* Exercise:
Exactly the lines below from the one with "arcs A are a" up to and including the one with "B f \<longleftrightarrow>" make up the answer, with nothing else added.

* Data to process:
(* Let $C\subseteq\mathbb{F}_2^n$ be a binary linear constant weight code of dimension $k\ge2$. Then $\mathrm{PAut}(C)\cong S_3$ if and only if $k=2$, the weight of $C$ is $2$, and $n\in\{3,4\}$.
   Context: A binary linear constant weight code of weight $w$ is an $\mathbb{F}_2$-subspace of $\mathbb{F}_2^n$ all of whose non-zero vectors have exactly $w$ coordinates equal to $1$. $S_n$ acts on $\mathbb{F}_2^n$ by $\sigma(v_1,\dots,v_n)=(v_{\sigma^{-1}(1)},\dots,v_{\sigma^{-1}(n)})$, and $\mathrm{PAut}(C)=\{\sigma\in S_n:\sigma(C)=C\}$. *)

theory Defs
  imports "HOL.Vector_Spaces" "HOL-Library.Z2" "HOL-Library.Function_Algebras" "HOL-Algebra.Sym_Groups"
begin

text \<open>Vectors of F_2^n are functions nat => bit vanishing outside {0..<n}.\<close>

definition f2scale :: "bit \<Rightarrow> (nat \<Rightarrow> bit) \<Rightarrow> (nat \<Rightarrow> bit)" where
  "f2scale a v = (\<lambda>i. a * v i)"

definition F2n :: "nat \<Rightarrow> (nat \<Rightarrow> bit) set" where
  "F2n n = {v. \<forall>i. n \<le> i \<longrightarrow> v i = 0}"

definition binary_linear_code :: "nat \<Rightarrow> (nat \<Rightarrow> bit) set \<Rightarrow> bool" where
  "binary_linear_code n C \<longleftrightarrow> C \<subseteq> F2n n \<and> Modules.module.subspace f2scale C"

definition hweight :: "(nat \<Rightarrow> bit) \<Rightarrow> nat" where
  "hweight v = card {i. v i = 1}"
theorem mainTheorem14:
  fixes J :: "'j set" and V :: "nat \<Rightarrow> 'j \<Rightarrow> 'v set" and d :: nat and H :: "'j set set"
    and \<nu> :: "nat \<Rightarrow> 'j set \<Rightarrow> ('j \<Rightarrow> 'v) \<Rightarrow> real"
  assumes "pseudorandom_system J V d H \<nu>"
  shows "\<exists>(Catoms :: real \<Rightarrow> real set \<Rightarrow> nat) (Cdeg :: real \<Rightarrow> real \<Rightarrow> real set \<Rightarrow> nat)
            (Ccoef :: real \<Rightarrow> real \<Rightarrow> real set \<Rightarrow> real) (CP :: real) (Cerr :: real)
            (N0 :: real \<Rightarrow> real \<Rightarrow> nat).
    \<forall>\<epsilon> \<sigma> :: real. 0 < \<epsilon> \<longrightarrow> \<epsilon> < 1 \<longrightarrow> 0 < \<sigma> \<longrightarrow> \<sigma> < 1/2 \<longrightarrow>
    (\<forall>N \<ge> N0 \<epsilon> \<sigma>. \<forall>e\<in>H. \<forall>I :: real set. is_interval I \<longrightarrow> bounded I \<longrightarrow> I \<noteq> {} \<longrightarrow>
      (\<forall>G :: ('j \<Rightarrow> 'v) \<Rightarrow> real. (\<forall>x\<in>VV (V N) e. G x \<in> I) \<longrightarrow>
        (\<exists>B. sigma_algebra (VV (V N) e) B \<and>
          (\<forall>B'. sigma_algebra (VV (V N) e) B' \<longrightarrow>
             (\<forall>x\<in>VV (V N) e. \<bar>G x - cond_exp (join_sa (VV (V N) e) B B') G x\<bar> \<le> \<epsilon>)) \<and>
          card (atoms (VV (V N) e) B) \<le> Catoms \<epsilon> I \<and>
          (\<forall>A\<in>atoms (VV (V N) e) B. \<exists>P :: real poly.
             degree P \<le> Cdeg \<epsilon> \<sigma> I \<and>
             (\<forall>i. \<bar>coeff P i\<bar> \<le> Ccoef \<epsilon> \<sigma> I) \<and>
             (\<forall>y\<in>I. \<bar>poly P y\<bar> \<le> CP) \<and>
             avg (VV (V N) e) (\<lambda>x. \<bar>indicator A x - poly P (G x)\<bar> * (\<nu> N e x + 1)) \<le> Cerr * \<sigma>))))"
proof -
  obtain N0 where N0: "\<And>N e. N0 \<le> N \<Longrightarrow> e \<in> H \<Longrightarrow> avg (VV (V N) e) (\<nu> N e) < 2"
    using pseudorandom_system_avg_eventually_less[OF assms, of 2] by auto
  have hs: "hypergraph_system J (V N) d H" for N
    using assms by (simp add: pseudorandom_system_def)
  have nonneg: "\<forall>x\<in>VV (V N) e. 0 \<le> \<nu> N e x" if "e \<in> H" for N e
    using assms that by (simp add: pseudorandom_system_def)
  show ?thesis
    apply (rule polynomial_discretization[where 'a = "'j \<Rightarrow> 'v"])
    subgoal premises disc for Cdeg Ccoef
      apply (rule exI[of _ "\<lambda>\<epsilon> I. nat (\<lfloor>2 * (Sup I - Inf I) / \<epsilon>\<rfloor> + 2)"], rule exI[of _ Cdeg],
          rule exI[of _ Ccoef], rule exI[of _ 2], rule exI[of _ 12], rule exI[of _ "\<lambda>_ _. N0"])
      apply (intro allI impI ballI)
      subgoal premises prems for \<epsilon> \<sigma> N e I G
      proof -
        have "\<sigma> \<le> 1" using prems(4) by linarith
        from disc[OF prems(1,3) this prems(8) hypergraph_system_space[OF hs prems(6)]
            nonneg[OF prems(6)] N0[OF prems(5,6)] prems(10)]
        show ?thesis by blast
      qed
      done
    done
qed
(* Let $\mathcal R\subset\mathcal G$ be finite with $\mathrm{id}\in\mathcal R$. Then the seminorms $\|\cdot\|_{\mathcal R}$ and $[\cdot]_{\mathcal R}$ on $U_{\mathrm{per}}$ are equivalent, i.e. there are constants $c,C>0$ with $c\|u\|_{\mathcal R}\le[u]_{\mathcal R}\le C\|u\|_{\mathcal R}$ for all $u\in U_{\mathrm{per}}$.
   Context: Euclidean group: $\mathrm E(n)$ consists of pairs $(A|b)$, $A\in\mathrm O(n)$, $b\in\mathbb R^n$, acting on $\mathbb R^n$ by $(A|b)\cdot x=Ax+b$, with product $(A_1|b_1)(A_2|b_2)=(A_1A_2|b_1+A_1b_2)$; $\mathrm{rot}(A|b)=A$, $\mathrm{trans}(A|b)=b$. A subgroup is discrete if all its orbits are discrete. Standing setting: $d=d_1+d_2$ with $d_1,d_2\in\mathbb N_0$; $\mathcal S<\mathrm E(d_2)$ is a space group (a discrete subgroup containing $d_2$ translations $(I|b)$ with linearly independent $b$'s) with translation subgroup $\mathcal T_{\mathcal S}$; for $A\in\mathrm O(d_1)$, $(B|b)\in\mathrm E(d_2)$ put $A\oplus(B|b)=(\mathrm{diag}(A,B)\,|\,(0,b))\in\mathrm E(d)$. $\mathcal G$ is a discrete subgroup of $\mathrm E(d)$ contained in $\{A\oplus s:A\in\mathrm O(d_1),s\in\mathcal S\}$ whose image under $\pi(A\oplus s)=s$ is all of $\mathcal S$. $\mathcal T\subset\mathcal G$ is a set such that $\pi|_{\mathcal T}$ is a bijection onto $\mathcal T_{\mathcal S}$. There is $m_0\in\mathbb N$ such that $\mathcal T^N:=\{t^N:t\in\mathcal T\}$ is a normal subgroup of $\mathcal G$ iff $N\in\mathcal M:=m_0\mathbb N$; for such $N$, $\mathcal T^N\cong\mathbb Z^{d_2}$ has finite index in $\mathcal G$, and $\mathcal C_N\subset\mathcal G$ is a fixed set of representatives of $\mathcal G/\mathcal T^N$. A map $u$ on $\mathcal G$ is $\mathcal T^N$-periodic if $u(gt)=u(g)$ for all $g\in\mathcal G$, $t\in\mathcal T^N$, and periodic if it is $\mathcal T^N$-periodic for some $N\in\mathcal M$; $U_{\mathrm{per}}$ is the space of periodic $u:\mathcal G\to\mathbb R^d$. $x_0\in\mathbb R^d$ is such that $g\mapsto g\cdot x_0$ is injective on $\mathcal G$; with $d_{\mathrm{aff}}$ the dimension of the affine hull of $\mathcal G\cdot x_0$, it is assumed that $\mathcal G\cdot x_0\subset\{0_{d-d_{\mathrm{aff}}}\}\times\mathbb R^{d_{\mathrm{aff}}}$ and $\mathcal G$ acts trivially on $\mathbb R^{d-d_{\mathrm{aff}}}\times\{0_{d_{\mathrm{aff}}}\}$. Definitions: for $\mathcal R\subset\mathcal G$, $U_{\mathrm{trans}}(\mathcal R)=\{u:\mathcal R\to\mathbb R^d:\exists a\in\mathbb R^d\ \forall g\in\mathcal R:\ \mathrm{rot}(g)u(g)=a\}$, $U_{\mathrm{rot}}(\mathcal R)=\{u:\mathcal R\to\mathbb R^d:\exists S\in\mathrm{Skew}(d)\ \forall g\in\mathcal R:\ \mathrm{rot}(g)u(g)=S(g\cdot x_0-x_0)\}$, $U_{\mathrm{iso}}(\mathcal R)=U_{\mathrm{trans}}(\mathcal R)+U_{\mathrm{rot}}(\mathcal R)$. For finite $\mathcal R$, $(\mathbb R^d)^{\mathcal R}$ carries the norm $\|v\|=(\sum_{h\in\mathcal R}|v(h)|^2)^{1/2}$ and $\mathrm{dist}$ is the induced distance to a subspace. For $u\in U_{\mathrm{per}}$ $\mathcal T^N$-periodic: $\|u\|_{\mathcal R}=\big(\frac1{|\mathcal C_N|}\sum_{g\in\mathcal C_N}\mathrm{dist}(u(g\,\cdot)|_{\mathcal R},U_{\mathrm{iso}}(\mathcal R))^2\big)^{1/2}$; the discrete derivative is $\nabla_{\mathcal R}u(g)\in(\mathbb R^d)^{\mathcal R}$, $\nabla_{\mathcal R}u(g)(h)=u(gh)-\mathrm{rot}(h)^Tu(g)$; and $[u]_{\mathcal R}=\big(\frac1{|\mathcal C_N|}\sum_{g\in\mathcal C_N}\mathrm{dist}(\nabla_{\mathcal R}u(g),U_{\mathrm{rot}}(\mathcal R))^2\big)^{1/2}$. *)

theory Defs
  imports Complex_Main "Jordan_Normal_Form.Matrix"
begin

type_synonym eucl = "real mat \<times> real vec"

definition orth :: "nat \<Rightarrow> real mat set" where
  "orth n = {A. A \<in> carrier_mat n n \<and> transpose_mat A * A = 1\<^sub>m n}"

definition Eucl :: "nat \<Rightarrow> eucl set" where
  "Eucl n = {(A, b). A \<in> orth n \<and> b \<in> carrier_vec n}"

definition rot :: "eucl \<Rightarrow> real mat" where "rot g = fst g"
definition trans :: "eucl \<Rightarrow> real vec" where "trans g = snd g"

definition emult :: "eucl \<Rightarrow> eucl \<Rightarrow> eucl" (infixl "\<star>" 70) where
  "g \<star> h = (rot g * rot h, trans g + rot g *\<^sub>v trans h)"

definition eone :: "nat \<Rightarrow> eucl" where "eone n = (1\<^sub>m n, 0\<^sub>v n)"

definition einv :: "eucl \<Rightarrow> eucl" where
  "einv g = (transpose_mat (rot g), - (transpose_mat (rot g) *\<^sub>v trans g))"
(* Let $(D, c, \mathcal{B})$ be an instance of 2-Layer General Transshipment with parts $U, W$ (so $A(D) \subseteq U \times W$) and integral capacities $c: A(D) \to \mathbb{N}$. Suppose that for each $v \in V(D)$, either $B_v \subseteq \mathbb{Z}$ or $B_v = [c_v, d_v]$ for some integers $c_v \le d_v$. If $(D, c, \mathcal{B})$ has a $\mathcal{B}$-transshipment, then it has a maximum-value $\mathcal{B}$-transshipment that is integral, i.e., assigns an integer value to every arc.
   Context: A digraph $D$ is 2-layered with parts $U,W$ if $V(D)$ is the disjoint union of $U$ and $W$ and $A(D) \subseteq U \times W$. An instance of 2-Layer General Transshipment consists of a 2-layered digraph $D$ with parts $U,W$, capacities $c: A(D) \to \mathbb{Q}_{\ge 0}$, and sets $\mathcal{B} = \{B_v : v \in V(D)\}$ with $B_v \subseteq \mathbb{Q}_{\ge 0}$ for $v \in U$ and $B_v \subseteq \mathbb{Q}_{\le 0}$ for $v \in W$. For $f: A(D) \to \mathbb{Q}_{\ge 0}$ the excess at $v$ is $f_\Sigma(v) = \sum_{(v,x)\in A(D)} f(v,x) - \sum_{(x,v)\in A(D)} f(x,v)$. A $\mathcal{B}$-transshipment is an $f: A(D) \to \mathbb{Q}_{\ge 0}$ with $f(a) \le c(a)$ for every arc $a$ and $f_\Sigma(v) \in B_v$ for all $v$; its value is $\mathrm{val}(f) = \sum_{u \in U} f_\Sigma(u)$. *)

theory Defs
  imports Complex_Main
begin

text \<open>A 2-layered digraph with parts U, W: vertex set is the disjoint union of U and W,
  arcs A are a subset of U \<times> W. Arc functions are functions on pairs, only their
  values on A matter.\<close>

definition two_layered :: "'v set \<Rightarrow> 'v set \<Rightarrow> ('v \<times> 'v) set \<Rightarrow> bool" where
  "two_layered U W A \<longleftrightarrow> finite U \<and> finite W \<and> U \<inter> W = {} \<and> A \<subseteq> U \<times> W"

definition gt_instance ::
  "'v set \<Rightarrow> 'v set \<Rightarrow> ('v \<times> 'v) set \<Rightarrow> ('v \<times> 'v \<Rightarrow> rat) \<Rightarrow> ('v \<Rightarrow> rat set) \<Rightarrow> bool" where
  "gt_instance U W A c B \<longleftrightarrow> two_layered U W A
     \<and> (\<forall>a\<in>A. c a \<ge> 0)
     \<and> (\<forall>v\<in>U. B v \<subseteq> {x. x \<ge> 0})
     \<and> (\<forall>v\<in>W. B v \<subseteq> {x. x \<le> 0})"

definition excess :: "('v \<times> 'v) set \<Rightarrow> ('v \<times> 'v \<Rightarrow> rat) \<Rightarrow> 'v \<Rightarrow> rat" where
  "excess A f v = (\<Sum>a\<in>{a\<in>A. fst a = v}. f a) - (\<Sum>a\<in>{a\<in>A. snd a = v}. f a)"

definition is_transshipment ::
  "'v set \<Rightarrow> 'v set \<Rightarrow> ('v \<times> 'v) set \<Rightarrow> ('v \<times> 'v \<Rightarrow> rat) \<Rightarrow> ('v \<Rightarrow> rat set)
   \<Rightarrow> ('v \<times> 'v \<Rightarrow> rat) \<Rightarrow> bool" where
  "is_transshipment U W A c B f \<longleftrightarrow>
     (\<forall>a\<in>A. 0 \<le> f a \<and> f a \<le> c a) \<and> (\<forall>v\<in>U \<union> W. excess A f v \<in> B v)"

definition tval :: "'v set \<Rightarrow> ('v \<times> 'v) set \<Rightarrow> ('v \<times> 'v \<Rightarrow> rat) \<Rightarrow> rat" where
  "tval U A f = (\<Sum>u\<in>U. excess A f u)"

end

theory Submission
  imports Defs
begin

text \<open>Replace each \<open>B v\<close> by an integral interval \<open>[l v, u v] \<subseteq> B v\<close> containing the excess of a
  given transshipment \<open>g\<close> (a single point when \<open>B v \<subseteq> \<int>\<close>). While some arc value of \<open>g\<close> is
  fractional, no vertex of integral excess meets exactly one fractional arc, so walking along
  fractional arcs yields a nonzero direction \<open>d\<close>, supported on them, that leaves all integral
  excesses unchanged; orient it so that the value does not decrease. Moving along \<open>d\<close> until the
  first arc value or excess becomes integral respects all integral bounds and strictly reduces
  the number of fractional arc values and excesses. So every transshipment is dominated by an
  integral one, and as integral transshipments have integral values bounded above, one of them
  is a maximum.\<close>

lemma excess_eq_sum:
  assumes "finite A"
  shows "excess A f v = (\<Sum>a\<in>A. (if fst a = v then f a else 0) - (if snd a = v then f a else 0))"
  using assms by (simp add: excess_def sum.inter_filter sum_subtractf)

lemma excess_add_scaled: "excess A (\<lambda>a. f a + k * d a) v = excess A f v + k * excess A d v"
  by (simp add: excess_def sum.distrib sum_distrib_left algebra_simps)

lemma excess_scaled: "excess A (\<lambda>a. k * d a) v = k * excess A d v"
  using excess_add_scaled[of A "\<lambda>_. 0" k d v] by (simp add: excess_def)

lemma tval_add_scaled: "tval U A (\<lambda>a. f a + k * d a) = tval U A f + k * tval U A d"
  by (simp add: tval_def excess_add_scaled sum.distrib sum_distrib_left)

lemma tval_scaled: "tval U A (\<lambda>a. k * d a) = k * tval U A d"
  by (simp add: tval_def excess_scaled sum_distrib_left)

lemma excess_eq_on_support:
  assumes "finite A" "F \<subseteq> A" "\<forall>a. a \<notin> F \<longrightarrow> d a = 0"
  shows "excess A d v = excess F d v"
proof -
  have "finite F" using assms(1,2) by (rule finite_subset[rotated])
  then show ?thesis
    unfolding excess_eq_sum[OF assms(1)] excess_eq_sum[OF \<open>finite F\<close>]
    using assms by (intro sum.mono_neutral_right) auto
qed

lemma excess_indicator:
  assumes "finite F" "e \<in> F"
  shows "excess F (\<lambda>a. if a = e then 1 else 0) v =
    (if fst e = v then 1 else 0) - (if snd e = v then 1 else 0)"
  using assms by (simp add: excess_def if_distrib[of "\<lambda>x. x = _"] cong: if_cong)

lemma sum_excess_eq_0:
  assumes "finite F" "finite S" "fst ` F \<subseteq> S" "snd ` F \<subseteq> S"
  shows "(\<Sum>v\<in>S. excess F d v) = 0"
proof -
  have "(\<Sum>v\<in>S. excess F d v) =
      (\<Sum>a\<in>F. \<Sum>v\<in>S. (if fst a = v then d a else 0) - (if snd a = v then d a else 0))"
    unfolding excess_eq_sum[OF assms(1)] by (rule sum.swap)
  also have "\<dots> = (\<Sum>a\<in>F. d a - d a)"
    using assms by (intro sum.cong) (auto simp: sum_subtractf)
  finally show ?thesis by simp
qed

* Completed task:
  arcs A are a subset of U \<times> W. Arc functions are functions on pairs, only their
  values on A matter.\<close>

definition two_layered :: "'v set \<Rightarrow> 'v set \<Rightarrow> ('v \<times> 'v) set \<Rightarrow> bool" where
  "two_layered U W A \<longleftrightarrow> finite U \<and> finite W \<and> U \<inter> W = {} \<and> A \<subseteq> U \<times> W"

definition gt_instance ::
  "'v set \<Rightarrow> 'v set \<Rightarrow> ('v \<times> 'v) set \<Rightarrow> ('v \<times> 'v \<Rightarrow> rat) \<Rightarrow> ('v \<Rightarrow> rat set) \<Rightarrow> bool" where
  "gt_instance U W A c B \<longleftrightarrow> two_layered U W A
     \<and> (\<forall>a\<in>A. c a \<ge> 0)
     \<and> (\<forall>v\<in>U. B v \<subseteq> {x. x \<ge> 0})
     \<and> (\<forall>v\<in>W. B v \<subseteq> {x. x \<le> 0})"

definition excess :: "('v \<times> 'v) set \<Rightarrow> ('v \<times> 'v \<Rightarrow> rat) \<Rightarrow> 'v \<Rightarrow> rat" where
  "excess A f v = (\<Sum>a\<in>{a\<in>A. fst a = v}. f a) - (\<Sum>a\<in>{a\<in>A. snd a = v}. f a)"

definition is_transshipment ::
  "'v set \<Rightarrow> 'v set \<Rightarrow> ('v \<times> 'v) set \<Rightarrow> ('v \<times> 'v \<Rightarrow> rat) \<Rightarrow> ('v \<Rightarrow> rat set)
   \<Rightarrow> ('v \<times> 'v \<Rightarrow> rat) \<Rightarrow> bool" where
  "is_transshipment U W A c B f \<longleftrightarrow>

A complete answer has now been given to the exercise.